Humboldt-Universität zu Berlin - Kultur-, Sozial- und Bildungswissenschaftliche Fakultät - Institut für Asien- und Afrikawissenschaften

Rede anlässlich der Ausstellungseröffnung

 

Lassen Sie mich zunächst denjenigen danken, die am Zustandekommen dieser Ausstellung mitgewirkt haben, denn selbst eine so kleine, zitathafte Ausstellung ist ohne Helfer im Hintergrund nicht machbar: Frank Merten und Harald Schulz, Maximilian Claudius Noack, Noriko Fujimura & Nagisa Kobayashi, Dr. Greiner -Petter für Homepage und den Praktikanten für Verschickung der Einladungen. Besonders auch Herrn Veit Kalinke, Leiter der Sparkasse Guben, denn diese Ausstellung ist quasi eine Folgewirkung seiner Beispiel gebenden Aufgeschlossenheit gegenüber der Kunst, doch dazu später mehr.

Sie sind inzwischen in Dialog getreten mit den für diese kleine Kabinettausstellung ausgewählten Werken. Es ist mir große Freude, Ihnen die Künstlerin vorzustellen, die mit ihrem Leben und ihrem Ouvre hinter diesen Werken steht und die sich sofort auf dieses Projekt eingelassen, in unkomplizierter kooperativer Weise mir die Erfahrung eines konstruktiven Miteinanders geschenkt hat: Herzlich willkommen Sigrid Noack.

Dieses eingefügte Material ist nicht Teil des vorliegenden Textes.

definition strat :: "real \<Rightarrow> nat \<Rightarrow> real" where
  "strat p j = (if j = 1 then p else 1 - p)"

definition rpay :: "real \<Rightarrow> real \<Rightarrow> real \<Rightarrow> real \<Rightarrow> nat \<Rightarrow> nat \<Rightarrow> real" where
  "rpay R S T P j k =
     (if j = 1 then (if k = 1 then R else S) else (if k = 1 then T else P))"

definition Vpay :: "real \<Rightarrow> real \<Rightarrow> real \<Rightarrow> real \<Rightarrow> real \<Rightarrow> real \<Rightarrow> real" where
  "Vpay R S T P p_own p_opp =
     (\<Sum>j\<in>{1::nat,2}. \<Sum>k\<in>{1::nat,2}. strat p_own j * strat p_opp k * rpay R S T P j k)"

definition V1 :: "real \<Rightarrow> real \<Rightarrow> real \<Rightarrow> real \<Rightarrow> real \<Rightarrow> real \<Rightarrow> real" where
  "V1 R S T P p1 p2 = Vpay R S T P p1 p2"
definition V2 :: "real \<Rightarrow> real \<Rightarrow> real \<Rightarrow> real \<Rightarrow> real \<Rightarrow> real \<Rightarrow> real" where
  "V2 R S T P p1 p2 = Vpay R S T P p2 p1"
definition Vsoc :: "real \<Rightarrow> real \<Rightarrow> real \<Rightarrow> real \<Rightarrow> real \<Rightarrow> real \<Rightarrow> real" where
  "Vsoc R S T P p1 p2 = (V1 R S T P p1 p2 + V2 R S T P p1 p2) / 2"

definition Vt1 :: "real \<Rightarrow> real \<Rightarrow> real \<Rightarrow> real \<Rightarrow> real \<Rightarrow> real \<Rightarrow> real \<Rightarrow> real" where
  "Vt1 R S T P w1 p1 p2 = (1 - w1) * V1 R S T P p1 p2 + w1 * Vsoc R S T P p1 p2"
definition Vt2 :: "real \<Rightarrow> real \<Rightarrow> real \<Rightarrow> real \<Rightarrow> real \<Rightarrow> real \<Rightarrow> real \<Rightarrow> real" where
  "Vt2 R S T P w2 p1 p2 = (1 - w2) * V2 R S T P p1 p2 + w2 * Vsoc R S T P p1 p2"

definition F_field :: "real \<Rightarrow> real \<Rightarrow> real \<Rightarrow> real \<Rightarrow> real \<Rightarrow> state \<Rightarrow> state" where
  "F_field R S T P \<epsilon> x =
    (let p1 = p1_of x; p2 = p2_of x; w1 = w1_of x; w2 = w2_of x in
     (deriv (\<lambda>q. Vt1 R S T P w1 q p2) p1,
      deriv (\<lambda>q. Vt2 R S T P w2 p1 q) p2,
      \<epsilon> * (V1 R S T P p1 p2 - Vsoc R S T P p1 p2),
      \<epsilon> * (V2 R S T P p1 p2 - Vsoc R S T P p1 p2)))"

definition proj1 :: "real \<Rightarrow> real \<Rightarrow> real" where
  "proj1 xj fj = (if (xj = 0 \<and> fj < 0) \<or> (xj = 1 \<and> fj > 0) then 0 else fj)"
(* Let $\phi:\mathbb{R}\to\mathbb{R}$ be a $C^\infty$ function such that $\phi(t)=0$ for $t\le 0$, $\phi(t)=e^{-1/e^{-1/t}}$ for $t\in\,]0,1]$, and $\phi'(t)>0$ for all $t>0$. Fix $0<\lambda<1$ and define $h:\mathbb{R}\to\mathbb{R}$ by $h(t)=t$ for $t\le 0$ and $h(t)=\phi^{-1}(\lambda^3\phi(t))$ for $t>0$, where $\phi^{-1}$ denotes the inverse of the strictly increasing map $\phi$ restricted to $]0,+\infty[$. Then $h$ is of class $C^\infty$ at $0$ (i.e. in a neighbourhood of $0$). *)

theory Defs
  imports "HOL-Analysis.Analysis"
begin

definition smooth_on :: "real set \<Rightarrow> (real \<Rightarrow> real) \<Rightarrow> bool" where
  "smooth_on S f \<longleftrightarrow> (\<forall>n. \<forall>x\<in>S. ((deriv ^^ n) f) differentiable (at x))"

end

theory Submission
  imports Defs "HOL-Computational_Algebra.Polynomial"
begin

text \<open>For \<open>0 < t \<le> 1\<close> the equation \<open>\<phi>(h t) = \<lambda>^3 \<phi>(t)\<close> can be solved explicitly: with
  \<open>c = -ln(\<lambda>^3) > 0\<close> it reads \<open>exp(1/h) = exp(1/t) + c\<close>, i.e.
  \<open>h(t) = t / (1 + t ln(1 + c exp(-1/t)))\<close>. Extending \<open>exp(-1/t)\<close> by \<open>0\<close> for \<open>t \<le> 0\<close> gives the
  classical flat smooth function, and with this extension the same formula also yields \<open>h(t) = t\<close>
  for \<open>t \<le> 0\<close>. So on \<open>]-\<infinity>,1[\<close> the map \<open>h\<close> is built from smooth functions by sums, products,
  and \<open>ln\<close> and \<open>inverse\<close> of positive functions, hence smooth.\<close>

fun differentiable_upto :: "nat \<Rightarrow> real set \<Rightarrow> (real \<Rightarrow> real) \<Rightarrow> bool" where
  "differentiable_upto 0 S f = True"
| "differentiable_upto (Suc n) S f \<longleftrightarrow>
     (\<forall>x\<in>S. (f has_real_derivative deriv f x) (at x)) \<and> differentiable_upto n S (deriv f)"

lemma differentiable_upto_SucD: "differentiable_upto (Suc n) S f \<Longrightarrow> differentiable_upto n S f"
  by (induction n arbitrary: f) auto

lemma differentiable_upto_subset:
  "differentiable_upto n T f \<Longrightarrow> S \<subseteq> T \<Longrightarrow> differentiable_upto n S f"
  by (induction n arbitrary: f) auto

lemma differentiable_upto_cong:
  assumes "open S" and "\<And>x. x \<in> S \<Longrightarrow> f x = g x" and "differentiable_upto n S f"
  shows "differentiable_upto n S g"
  using assms(2,3)
proof (induction n arbitrary: f g)
  case 0
  then show ?case by simp
next
  case (Suc n)
  have g': "(g has_real_derivative deriv f x) (at x)" if "x \<in> S" for x
    using has_field_derivative_transform_within_open[of f "deriv f x" x S g] Suc.prems that assms(1)
    by auto
  then have "deriv f x = deriv g x" if "x \<in> S" for x
    using that DERIV_imp_deriv by metis
  with g' Suc.IH[of "deriv f" "deriv g"] Suc.prems show ?case by auto
qed

lemma differentiable_upto_SucI:
  assumes "open S" and "\<And>x. x \<in> S \<Longrightarrow> (f has_real_derivative f' x) (at x)"
    and "differentiable_upto n S f'"
  shows "differentiable_upto (Suc n) S f"
proof -
  have "deriv f x = f' x" if "x \<in> S" for x
    using DERIV_imp_deriv[OF assms(2)[OF that]] .
  moreover from this have "differentiable_upto n S (deriv f)"
    using differentiable_upto_cong[OF assms(1) _ assms(3)] by metis
  ultimately show ?thesis using assms(2) by simp
qed

lemma differentiable_upto_const: "differentiable_upto n S (\<lambda>x. c)"
proof (induction n arbitrary: c)
  case (Suc n)
  have "deriv (\<lambda>x. c) = (\<lambda>x::real. 0::real)" by (intro ext DERIV_imp_deriv) auto
  then show ?case using Suc by auto
qed simp

lemma differentiable_upto_ident: "differentiable_upto n S (\<lambda>x. x)"
proof (cases n)
  case (Suc m)
  have "deriv (\<lambda>x. x) = (\<lambda>x::real. 1::real)" by (intro ext DERIV_imp_deriv) auto
  then show ?thesis using Suc differentiable_upto_const by auto
qed simp

lemma differentiable_upto_add:
  assumes "open S"
  shows "differentiable_upto n S f \<Longrightarrow> differentiable_upto n S g \<Longrightarrow>
    differentiable_upto n S (\<lambda>x. f x + g x)"
proof (induction n arbitrary: f g)
  case (Suc n)
  have "((\<lambda>x. f x + g x) has_real_derivative deriv f x + deriv g x) (at x)" if "x \<in> S" for x
    using Suc.prems that by (auto intro!: derivative_eq_intros)
  with Suc show ?case by (intro differentiable_upto_SucI[OF assms]) auto
qed simp

lemma differentiable_upto_mult:
  assumes "open S"
  shows "differentiable_upto n S f \<Longrightarrow> differentiable_upto n S g \<Longrightarrow>
    differentiable_upto n S (\<lambda>x. f x * g x)"
proof (induction n arbitrary: f g)
  case (Suc n)
  have "((\<lambda>x. f x * g x) has_real_derivative deriv f x * g x + f x * deriv g x) (at x)"
    if "x \<in> S" for x
    using Suc.prems that by (auto intro!: derivative_eq_intros)
  moreover have "differentiable_upto n S (\<lambda>x. deriv f x * g x + f x * deriv g x)"
    using Suc differentiable_upto_SucD[OF Suc.prems(1)] differentiable_upto_SucD[OF Suc.prems(2)]
    by (auto intro!: differentiable_upto_add[OF assms])
  ultimately show ?case by (rule differentiable_upto_SucI[OF assms])
qed simp

lemma differentiable_upto_compose:
  assumes "open S"
  shows "differentiable_upto n T f \<Longrightarrow> differentiable_upto n S g \<Longrightarrow> g ` S \<subseteq> T \<Longrightarrow>
    differentiable_upto n S (\<lambda>x. f (g x))"
proof (induction n arbitrary: f g)
  case (Suc n)
  have "((\<lambda>x. f (g x)) has_real_derivative deriv f (g x) * deriv g x) (at x)" if "x \<in> S" for x
    using Suc.prems that by (intro DERIV_chain2) auto
  moreover have "differentiable_upto n S (\<lambda>x. deriv f (g x) * deriv g x)"
    using Suc differentiable_upto_SucD[OF Suc.prems(2)]
    by (auto intro!: differentiable_upto_mult[OF assms])
  ultimately show ?case by (rule differentiable_upto_SucI[OF assms])
qed simp

lemma differentiable_upto_inverse: "differentiable_upto n {0<..} inverse"
proof (induction n)
  case (Suc n)
  have "(inverse has_real_derivative - 1 * (inverse x * inverse x)) (at x)" if "x \<in> {0<..}" for x
    using that by (auto intro!: derivative_eq_intros simp: power2_eq_square)
  moreover have "differentiable_upto n {0<..} (\<lambda>x. - 1 * (inverse x * inverse x))"
    by (intro differentiable_upto_mult differentiable_upto_const Suc.IH) auto
  ultimately show ?case by (intro differentiable_upto_SucI) auto
qed simp

lemma differentiable_upto_ln: "differentiable_upto n {0<..} ln"
proof (cases n)
  case (Suc m)
  have "(ln has_real_derivative inverse x) (at x)" if "x \<in> {0<..}" for x
    using that by (auto intro!: derivative_eq_intros simp: inverse_eq_divide)
  then show ?thesis
    unfolding Suc by (intro differentiable_upto_SucI[OF _ _ differentiable_upto_inverse]) auto
qed simp

lemma differentiable_upto_funpow_deriv:
  "differentiable_upto (m + n) S f \<Longrightarrow> differentiable_upto m S ((deriv ^^ n) f)"
  by (induction n arbitrary: f) (auto simp: funpow_Suc_right simp del: funpow.simps)

lemma smooth_onI_differentiable_upto:
  assumes "\<And>n. differentiable_upto n S f"
  shows "smooth_on S f"
  unfolding smooth_on_def
proof (intro allI ballI)
  fix n x assume "x \<in> S"
  have "differentiable_upto 1 S ((deriv ^^ n) f)"
    using assms differentiable_upto_funpow_deriv[of 1 n S f] by auto
  with \<open>x \<in> S\<close> show "(deriv ^^ n) f differentiable at x"
    by (auto simp: real_differentiable_def)
qed

definition flat_exp :: "real poly \<Rightarrow> real \<Rightarrow> real" where
  "flat_exp p t = (if t \<le> 0 then 0 else poly p (1 / t) * exp (- 1 / t))"

text \<open>With \<open>u = 1/t\<close>, \<open>d/dt (p(u) exp(-u)) = u^2 (p(u) - p'(u)) exp(-u)\<close>.\<close>

definition flat_exp_deriv_poly :: "real poly \<Rightarrow> real poly" where
  "flat_exp_deriv_poly p = [:0, 0, 1:] * (p - pderiv p)"

lemma poly_times_exp_minus_tendsto_0: "((\<lambda>u. poly p u * exp (- u)) \<longlongrightarrow> (0::real)) at_top"
proof -
  have "poly p u * exp (- u) = (\<Sum>i\<le>degree p. coeff p i * (u ^ i / exp u))" for u
    by (simp add: poly_altdef sum_distrib_right exp_minus divide_inverse mult.assoc)
  then show ?thesis
    by (simp only:) (intro tendsto_null_sum tendsto_mult_right_zero tendsto_power_div_exp_0)
qed

lemma poly_inverse_times_exp_has_derivative:
  assumes "x > 0"
  shows "((\<lambda>t. poly p (1 / t) * exp (- 1 / t)) has_real_derivative
      poly (flat_exp_deriv_poly p) (1 / x) * exp (- 1 / x)) (at x)"
proof -
  have "((\<lambda>t. poly p (1 / t) * exp (- 1 / t)) has_real_derivative
      poly (pderiv p) (1 / x) * (- inverse (x * x)) * exp (- 1 / x)
        + poly p (1 / x) * (exp (- 1 / x) * inverse (x * x))) (at x)"
    using assms
    by (auto intro!: derivative_eq_intros DERIV_chain2[OF poly_DERIV] simp: divide_inverse)
  moreover have "poly (pderiv p) (1 / x) * (- inverse (x * x)) * exp (- 1 / x)
        + poly p (1 / x) * (exp (- 1 / x) * inverse (x * x))
      = poly (flat_exp_deriv_poly p) (1 / x) * exp (- 1 / x)"
    by (simp add: flat_exp_deriv_poly_def algebra_simps divide_inverse power2_eq_square)
  ultimately show ?thesis by simp
qed
lemma core_subgroup: "subgroup core G"
proof (rule subgroupI)
  show "core \<subseteq> carrier G"
    using core_subset_assoc assoc_subset_carrier by blast
  have "{\<one>} \<subseteq> core"
    by (rule subset_core) (simp_all add: assoc_iso_one subgroup.one_closed[OF assoc_subgroup])
  then show "core \<noteq> {}"
    by blast
next
  let ?K = "{g \<otimes> h | g h. g \<in> core \<and> h \<in> core}"
  have "?K \<subseteq> core"
  proof (rule subset_core)
    show "?K \<subseteq> assoc e" for e
      using core_subset_assoc subgroup.m_closed[OF assoc_subgroup] by blast
    have "assoc_iso e (g \<otimes> h) \<in> ?K" if "g \<in> core" "h \<in> core" for e g h
      using that core_subset_assoc[of e] assoc_iso_mult[of g e h] assoc_iso_core by blast
    then show "assoc_iso e ` ?K \<subseteq> ?K" for e
      by blast
  qed
  then show "g \<in> core \<Longrightarrow> h \<in> core \<Longrightarrow> g \<otimes> h \<in> core" for g h
    by blast
next
  have "m_inv G ` core \<subseteq> core"
  proof (rule subset_core)
    show "m_inv G ` core \<subseteq> assoc e" for e
      using core_subset_assoc subgroup.m_inv_closed[OF assoc_subgroup] by blast
    have "assoc_iso e (inv g) \<in> m_inv G ` core" if "g \<in> core" for e g
      using that core_subset_assoc[of e] assoc_iso_inv[of g e] assoc_iso_core by blast
    then show "assoc_iso e ` m_inv G ` core \<subseteq> m_inv G ` core" for e
      by blast
  qed
  then show "g \<in> core \<Longrightarrow> inv g \<in> core" for g
    by blast
qed

lemma level_0: "level 0 = UNIV"
  by (simp add: level_def)

lemma level_Suc_eq:
  "level (Suc n) = {g \<in> A \<inter> B. phi g \<in> level n \<and> inv_into A phi g \<in> level n}"
  using level_Suc_iff by (auto simp: all_bool_eq assoc_def assoc_iso_def)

In diesem Jahr ist viel vom 20. Jahrestag des Mauerfalls die Rede. Auch unsere Gedenkstätte ist vor einem Monat am 2. Juni in den jetzigen Ausmaßen zwanzig geworden. Das ist ein Grund zum Feiern, denke ich (1984 1. Eröffnung).

 

Bisher haben wir hier japanische Künstler vorgestellt oder Arbeiten unserer Kalligraphiekurs-Teilnehmer gezeigt neben thematischen Sonderausstellungen. Spätestens in diesem Jahr fand ich es angebracht, in dieser zwischen Japan und Deutschland vermittelnden Einrichtung einmal der Frage weiter nachzuspüren, wie schlägt sich denn Japan im Werk deutscher Künstler nieder, im Werk von Künstlern dieser Region, die in der Regel aufgrund ihrer Herkunft und sonstigen Zwängen nie die Gelegenheit hatten, Japan in realita zu erleben, und die sich womöglich gerade deshalb umso intensiver im Geiste und kreativ schaffend damit auseinandergesetzt haben? Welche Früchte trägt die Orientierung am Fremden? Bleibt es ein Zitat, dessen Gültigkeit niemand überprüfen kann, wird es Projektionsfläche, Spiegelung eigener Ziele und Befindlichkeiten oder kann, wie hier gezeigt, aus dieser indirekten aber intensiven Begegnung etwas ganz Neues, Einmaliges entstehen?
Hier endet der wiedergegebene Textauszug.